Yaptığı şeyin mantıklı bir yanı yoktu, bunun kendisi de farkındaydı. Neden yaptığını o bile bilmiyorken Wonwoo'ya ne gibi bir açıklama yapabilirdi ki?
Kendisine karşı olan hislerini biliyordu. Bu durum başta sorun yaratmamıştı fakat zaman geçtikte hareketlerini seçer olmuştu. Geçmişte umursamadan onun elini tutup yürümek, sarılmak veya başını omzuna koymak sorun olmuyordu. Wonwoo'nun kendisine karşı olan duygularını öğrendikten sonra bunların ona acı vereceğini düşündü.
Sonuçta her ne kadar bilse bile büyük olanın bundan haberi yoktu. O platonik bir şekilde aşkını yaşarken ona bu şekilde davranmaya hakkı olmadığını düşünüyordu.
Senden başından beri hoşlanan yakın arkadaşına eskisi gibi olmazdın istesen bile.
Bu gerçeği daha fazla ne kadar saklayacaktı kendisi de bilmediği için dayanamadı ve onunla sevgili olmak istediğini söyledi. Kötü bir fikirdi, kendisi de farkındaydı ama sanki başka seçeneği yok gibiydi.
Ona eskisi gibi davranmayı, sarılmayı, el şakaları yapıp kafasını omzuna koymak istiyordu. İstediği de oldu ve biricik hyungu ile sevgili oldu. Zamanla onu seveceğini düşündü.

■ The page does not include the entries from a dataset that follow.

lemma carrier_mat_zero_cols_eq: "A \<in> carrier_mat k 0 \<Longrightarrow> B \<in> carrier_mat k 0 \<Longrightarrow> A = B"
  by (rule eq_matI) auto

lemma mult_mat_vec_zero_cols: "A \<in> carrier_mat k 0 \<Longrightarrow> v \<in> carrier_vec 0 \<Longrightarrow> A *\<^sub>v v = 0\<^sub>v k"
  by (rule eq_vecI) (auto simp: scalar_prod_def)

lemma mult_mat_zero_vec: "A \<in> carrier_mat k m \<Longrightarrow> A *\<^sub>v 0\<^sub>v m = (0\<^sub>v k :: 'a::field vec)"
  by (rule eq_vecI) (auto simp: scalar_prod_def)

lemma mat_one_one [simp]: "mat (Suc 0) (Suc 0) (\<lambda>_. 1) = (1\<^sub>m (Suc 0) :: 'a::field mat)"
  by (rule eq_matI) auto

lemma mult_mat_of_cols_single:
  "A \<in> carrier_mat k m \<Longrightarrow> v \<in> carrier_vec m \<Longrightarrow> A * mat_of_cols m [v] = mat_of_cols k [A *\<^sub>v v]"
  by (rule eq_matI) (auto simp: mat_of_cols_def scalar_prod_def)

lemma mat_of_cols_single_mult_unit_vec: "mat_of_cols (dim_vec v) [v] *\<^sub>v unit_vec 1 0 = (v :: 'a::field vec)"
  by (rule eq_vecI) (auto simp: mat_of_cols_def scalar_prod_def unit_vec_def)

lemma mat_of_cols_zero_vec: "mat_of_cols k [0\<^sub>v k] = (0\<^sub>m k 1 :: 'a::field mat)"
  by (rule eq_matI) (auto simp: mat_of_cols_def)

section \<open>Kupisch series and paths in representations\<close>

lemma kupisch_series_pos:
  assumes "kupisch_series n c" and "j < n"
  shows "1 \<le> c j"
proof (cases "j + 1 < n")
  case False
  hence "j = n - 1" using assms(2) by simp
  thus ?thesis using assms(1) unfolding kupisch_series_def by simp
qed (use assms in \<open>auto simp: kupisch_series_def\<close>)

Başlarda her şey çok iyi gibi görünüyordu. Wonwoo'nun o güzel ve eşsiz gülüşünü görmek içinde fırtınalar koparıyordu. Ondan hoşlanmadığı halde bunu yapmak yanlıştı ve bu yanlışı devam ettirmeyi seçti.
Onu daha çok üzecekti.
Bu yaptığını kendisi de affetmiyordu. Zaman geçtikçe pişmanlık duygusu içini kemirmeye başladı. Her gün kendisini seven adama bakmak bu pişmanlığı yüzüne tokat gibi çarpıyordu.
Ondan ayrılmanın doğru bir karar olduğunu düşündü. Altı ay, sadece altı ay süren bu şeyi bitirmek için Wonwoo ile konuştu ve o günden sonra hiçbir şey olmamış gibi davranmaya başladı.
Tabi hepsi bir rolden ibaretti.
Her gece böyle bir aptallık yaptığı için kendisine kızıyor ve onu ne kadar üzdüğünü düşünüp üzülüyordu.
Wonwoo hyungu onun her şeyiydi. Gençliğiydi, en güzel anılarıydı. Yıllarıydı, mutlu anlarını gülüşüne sığdıran biriydi ve ona böyle bir şey yapmıştı.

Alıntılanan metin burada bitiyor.